On 3rd December 2025, a critical remote code execution vulnerability was disclosed in the React Server Components (RSC) ecosystem, widely known as React2Shell and tracked as CVE‑2025‑55182 (React) and CVE‑2025‑66478 (Next.js, later merged into the main CVE).

The flaw allows unauthenticated remote code execution (pre‑auth RCE) on servers using React Server Components and frameworks like Next.js App Router, via unsafe deserialization of specially crafted HTTP payloads.

Key points for security leaders:

• Severity: CVSS 10.0 (critical) – maximum score, with full impact on confidentiality, integrity and availability.
  
• Affected: React 19.x Server Components and multiple versions of Next.js 15.x / 16.x using App Router, plus other frameworks that embed RSC.
  
• Exploitation: Public PoCs and scanners exist; major vendors and cloud providers are reporting active exploitation in the wild by both state‑nexus and opportunistic threat actors.
  
• Regulatory urgency: CISA has added CVE‑2025‑55182 to the Known Exploited Vulnerabilities (KEV) catalog, setting a remediation deadline of 26 December 2025 for US federal agencies.
  

In this blog, we break down what React2Shell is, why it matters for CISOs, which environments are at risk, and how FireCompass can help you rapidly identify and validate vulnerable instances across your external attack surface using our React2Shell playbook.

Run a free React.js exposure assessment as a part of our Free Trial: https://www.firecompass.com/trial

What Is React2Shell (CVE‑2025‑55182 / CVE‑2025‑66478)?

React2Shell is a deserialization vulnerability in the way React Server Components handle serialized “Flight” protocol payloads between client and server.
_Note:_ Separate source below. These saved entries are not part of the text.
(* Fix $\mu \in \mathcal{X}$ and let $P_X$ be a probability distribution on $\mathcal{X}$ with $P_X(\{ \mu \}) = 0$. Let $(P_n)$ be a sequence of probability distributions on $\mathcal{X}$ converging weakly to $P_X$. Then $D(\mu; P_n) \to D(\mu; P_X)$ as $n \to \infty$.
   Context: $(\mathcal{X}, d)$ is a complete separable metric space with its Borel $\sigma$-algebra. Define $h: \mathcal{X}^3 \to \mathbb{R}$ by $h(x_1, x_2, x_3) := \mathbb{I}( x_3 \notin \{x_1, x_2\} ) \dfrac{ d^2(x_1, x_3) + d^2(x_2, x_3) - d^2(x_1, x_2) }{d(x_1, x_3)\, d(x_2, x_3) }$, where $h := 0$ when $x_3 \in \{x_1,x_2\}$. The metric spatial depth of $\mu \in \mathcal{X}$ with respect to a probability distribution $P_X$ on $\mathcal{X}$ is $D(\mu; P_X) := 1 - \frac{1}{2} \mathrm{E} \{ h(X_1, X_2, \mu) \}$, where $X_1, X_2 \sim P_X$ are independent. *)

theory Defs
  imports "HOL-Probability.Probability"
begin

definition msd_h :: "'a::metric_space \<Rightarrow> 'a \<Rightarrow> 'a \<Rightarrow> real" where
  "msd_h x1 x2 x3 =
     (if x3 \<notin> {x1, x2}
      then ((dist x1 x3)\<^sup>2 + (dist x2 x3)\<^sup>2 - (dist x1 x2)\<^sup>2) / (dist x1 x3 * dist x2 x3)
      else 0)"

definition metric_spatial_depth :: "'a::metric_space \<Rightarrow> 'a measure \<Rightarrow> real" where
  "metric_spatial_depth mu P =
     1 - 1/2 * (\<integral>z. msd_h (fst z) (snd z) mu \<partial>(P \<Otimes>\<^sub>M P))"

definition weak_conv_metric :: "(nat \<Rightarrow> 'a::metric_space measure) \<Rightarrow> 'a measure \<Rightarrow> bool" where
  "weak_conv_metric Ps P \<longleftrightarrow>
     (\<forall>f :: 'a \<Rightarrow> real. continuous_on UNIV f \<and> bounded (range f) \<longrightarrow>
        (\<lambda>n. \<integral>x. f x \<partial>(Ps n)) \<longlonglongrightarrow> (\<integral>x. f x \<partial>P))"

end

theory Submission
  imports Defs
begin

text \<open>The kernel \<open>h(x\<^sub>1, x\<^sub>2, mu)\<close> is bounded by 2 (law of cosines and the triangle inequality)
  but discontinuous where \<open>x\<^sub>1\<close> or \<open>x\<^sub>2\<close> equals \<open>mu\<close>. Truncating the two distances to \<open>mu\<close> in
  the denominator below at \<open>e\<close> gives a bounded continuous kernel that differs from \<open>h\<close> only
  when a point lies in the \<open>e\<close>-ball around \<open>mu\<close>; the integrated error is at most 8 times the
  integral of a continuous bump around \<open>mu\<close>, which is small for \<open>P\<close> because \<open>P{mu} = 0\<close>, hence
  also for \<open>P\<^sub>n\<close> with \<open>n\<close> large. The truncated kernel is uniformly continuous in its second
  argument, uniformly in the first, so its partial integrals against \<open>P\<^sub>n\<close> form a uniformly
  equicontinuous sequence converging pointwise; on a separable space such a sequence also
  integrates correctly against \<open>P\<^sub>n\<close>, which gives convergence of the integrals over
  \<open>P\<^sub>n \<Otimes> P\<^sub>n\<close>.\<close>

section \<open>Law-of-cosines estimates\<close>

lemma dist_triangle_sides:
  fixes x y mu :: "'a::metric_space"
  shows "0 \<le> dist x mu" "0 \<le> dist y mu" "0 \<le> dist x y"
    "dist x y \<le> dist x mu + dist y mu" "dist x mu \<le> dist y mu + dist x y"
    "dist y mu \<le> dist x mu + dist x y"
  using dist_triangle[of x mu y] dist_triangle[of x y mu] dist_triangle[of y x mu]
    dist_triangle[of y mu x]
  by (auto simp: dist_commute)

lemma abs_cosine_numerator_le:
  fixes a b c :: real
  assumes "0 \<le> a" "0 \<le> b" "0 \<le> c" "c \<le> a + b" "a \<le> b + c" "b \<le> a + c"
  shows "\<bar>a\<^sup>2 + b\<^sup>2 - c\<^sup>2\<bar> \<le> 2 * a * b"
proof -
  have "c\<^sup>2 \<le> (a + b)\<^sup>2" using assms by (intro power_mono) auto
  moreover have "\<bar>a - b\<bar>\<^sup>2 \<le> c\<^sup>2" using assms by (intro power_mono) auto
  ultimately show ?thesis
    unfolding abs_le_iff power2_abs by (simp add: power2_eq_square algebra_simps)
qed

lemma abs_cosine_ratio_cut_le:
  fixes a b c e :: real
  assumes "0 \<le> a" "0 \<le> b" "0 \<le> c" "c \<le> a + b" "a \<le> b + c" "b \<le> a + c" "0 < e"
  shows "\<bar>(a\<^sup>2 + b\<^sup>2 - c\<^sup>2) / (max a e * max b e)\<bar> \<le> 2"
proof -
  have pos: "0 < max a e * max b e" using assms by auto
  have "\<bar>a\<^sup>2 + b\<^sup>2 - c\<^sup>2\<bar> \<le> 2 * a * b" using assms by (intro abs_cosine_numerator_le)
  also have "\<dots> \<le> 2 * (max a e * max b e)" using assms by (simp add: mult_mono)
  finally show ?thesis using pos by (simp add: abs_divide divide_le_eq)
qed

lemma abs_square_diff_eq:
  fixes b b' :: real
  assumes "0 \<le> b" "0 \<le> b'"
  shows "\<bar>b\<^sup>2 - b'\<^sup>2\<bar> = \<bar>b - b'\<bar> * (b + b')"
proof -
  have "b\<^sup>2 - b'\<^sup>2 = (b - b') * (b + b')" by (simp add: power2_eq_square algebra_simps)
  then show ?thesis using assms by (simp add: abs_mult)
qed

lemma cosine_numerator_diff_le:
  fixes a b c b' c' d :: real
  assumes "0 \<le> b" "0 \<le> b'" "0 \<le> c" "0 \<le> c'" "c \<le> a + b"
    and "\<bar>b - b'\<bar> \<le> d" "\<bar>c - c'\<bar> \<le> d"
  shows "\<bar>(a\<^sup>2 + b\<^sup>2 - c\<^sup>2) - (a\<^sup>2 + b'\<^sup>2 - c'\<^sup>2)\<bar> \<le> d * (2*a + 4*b + 2*d)"
proof -
  have "\<bar>b\<^sup>2 - b'\<^sup>2\<bar> \<le> d * (2*b + d)"
    unfolding abs_square_diff_eq[OF assms(1,2)] using assms by (intro mult_mono) auto
  moreover have "\<bar>c\<^sup>2 - c'\<^sup>2\<bar> \<le> d * (2*a + 2*b + d)"
    unfolding abs_square_diff_eq[OF assms(3,4)] using assms by (intro mult_mono) auto
  ultimately show ?thesis by (simp add: abs_le_iff algebra_simps)
qed

lemma cosine_numerator_bound_over_cut_le:
  fixes a b d e :: real
  assumes "0 \<le> a" "0 \<le> b" "0 \<le> d" "d \<le> e" "0 < e"
  shows "d * (2*a + 4*b + 2*d) / (max a e * max b e) \<le> 8 * d / e"
proof -
  define A B where "A = max a e" and "B = max b e"
  have "a * e \<le> A * B" "e * b \<le> A * B" "e * d \<le> A * B"
    unfolding A_def B_def using assms by (auto intro!: mult_mono)
  then have "e * (2*a + 4*b + 2*d) \<le> 8 * (A * B)" by (simp add: algebra_simps)
  then have "d * (e * (2*a + 4*b + 2*d)) \<le> d * (8 * (A * B))" using assms(3)
    by (rule mult_left_mono)
  moreover have "0 < A * B" using assms by (simp add: A_def B_def)
  ultimately show ?thesis using assms unfolding A_def[symmetric] B_def[symmetric]
    by (simp add: divide_simps ac_simps)
qed

lemma cosine_ratio_cut_diff_le:
  fixes a b c b' c' e d :: real
  assumes "0 \<le> a" "0 \<le> b" "0 \<le> c" "c \<le> a + b" "a \<le> b + c" "b \<le> a + c"
    and "0 \<le> b'" "0 \<le> c'" "c' \<le> a + b'" "a \<le> b' + c'" "b' \<le> a + c'"
    and "0 < e" "\<bar>b - b'\<bar> \<le> d" "\<bar>c - c'\<bar> \<le> d" "d \<le> e"
  shows "\<bar>(a\<^sup>2 + b\<^sup>2 - c\<^sup>2) / (max a e * max b e) - (a\<^sup>2 + b'\<^sup>2 - c'\<^sup>2) / (max a e * max b' e)\<bar>
    \<le> 10 * d / e"
proof -
  define A B B' N N' where "A = max a e" and "B = max b e" and "B' = max b' e"
    and "N = a\<^sup>2 + b\<^sup>2 - c\<^sup>2" and "N' = a\<^sup>2 + b'\<^sup>2 - c'\<^sup>2"
  have d: "0 \<le> d" using assms by linarith
  have pos: "0 < A" "0 < B" "0 < B'" using assms by (auto simp: A_def B_def B'_def)
  have "\<bar>(N - N') / (A * B)\<bar> \<le> d * (2*a + 4*b + 2*d) / (A * B)"
    using cosine_numerator_diff_le[of b b' c c' a d] assms pos
    by (simp add: N_def N'_def abs_divide divide_right_mono)
  also have "\<dots> \<le> 8 * d / e"
    unfolding A_def B_def using assms d by (intro cosine_numerator_bound_over_cut_le)
  finally have numerator: "\<bar>(N - N') / (A * B)\<bar> \<le> 8 * d / e" .
  have "N' / (A * B) - N' / (A * B') = N' / (A * B') * ((B' - B) / B)"
    using pos by (simp add: divide_simps) (simp add: algebra_simps)
  then have "\<bar>N' / (A * B) - N' / (A * B')\<bar> = \<bar>N' / (A * B')\<bar> * \<bar>(B' - B) / B\<bar>"
    by (simp add: abs_mult)
  also have "\<dots> \<le> 2 * (d / e)"
  proof (rule mult_mono)
    show "\<bar>N' / (A * B')\<bar> \<le> 2"
      unfolding N'_def A_def B'_def using assms by (intro abs_cosine_ratio_cut_le)
    have "\<bar>B' - B\<bar> \<le> d" using assms(13) by (auto simp: B_def B'_def max_def)
    then have "\<bar>B' - B\<bar> / B \<le> d / B" using pos by (simp add: divide_right_mono)
    also have "\<dots> \<le> d / e" using d assms by (simp add: B_def divide_left_mono)
    finally show "\<bar>(B' - B) / B\<bar> \<le> d / e" using pos by (simp add: abs_divide)
  qed auto
  finally have denominator: "\<bar>N' / (A * B) - N' / (A * B')\<bar> \<le> 2 * (d / e)" .
  have "N / (A * B) - N' / (A * B') = (N - N') / (A * B) + (N' / (A * B) - N' / (A * B'))"
    by (simp add: diff_divide_distrib)
  then have "\<bar>N / (A * B) - N' / (A * B')\<bar> \<le> 8 * d / e + 2 * (d / e)"
    using numerator denominator by linarith
  then show ?thesis by (simp add: A_def B_def B'_def N_def N'_def)
qed

section \<open>The kernel and its truncation\<close>

text \<open>A continuous stand-in for \<^const>\<open>msd_h\<close>: it agrees with it whenever both points are at
  distance at least \<open>e\<close> from \<open>mu\<close>.\<close>
definition msd_h_cut :: "'a::metric_space \<Rightarrow> real \<Rightarrow> 'a \<times> 'a \<Rightarrow> real" where
  "msd_h_cut mu e z =
     ((dist (fst z) mu)\<^sup>2 + (dist (snd z) mu)\<^sup>2 - (dist (fst z) (snd z))\<^sup>2)
       / (max (dist (fst z) mu) e * max (dist (snd z) mu) e)"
Instead of just rendering UI in the browser, React Server Components allow parts of the application to run on the server and exchange structured data with the client.

According to the React and NVD advisories:

• The vulnerable code unsafely deserializes payloads from HTTP requests to Server Function endpoints.
  
• An attacker can send a single crafted HTTP request to a vulnerable endpoint and cause arbitrary code execution on the server.
  
• The issue affects RSC packages used in React 19.x, including:
  
  • react-server-dom-parcel
    
  • react-server-dom-turbopack
    
  • react-server-dom-webpack
    

Crucially, applications can be vulnerable even if they do not explicitly use React Server Functions, as long as React Server Components are supported by the framework.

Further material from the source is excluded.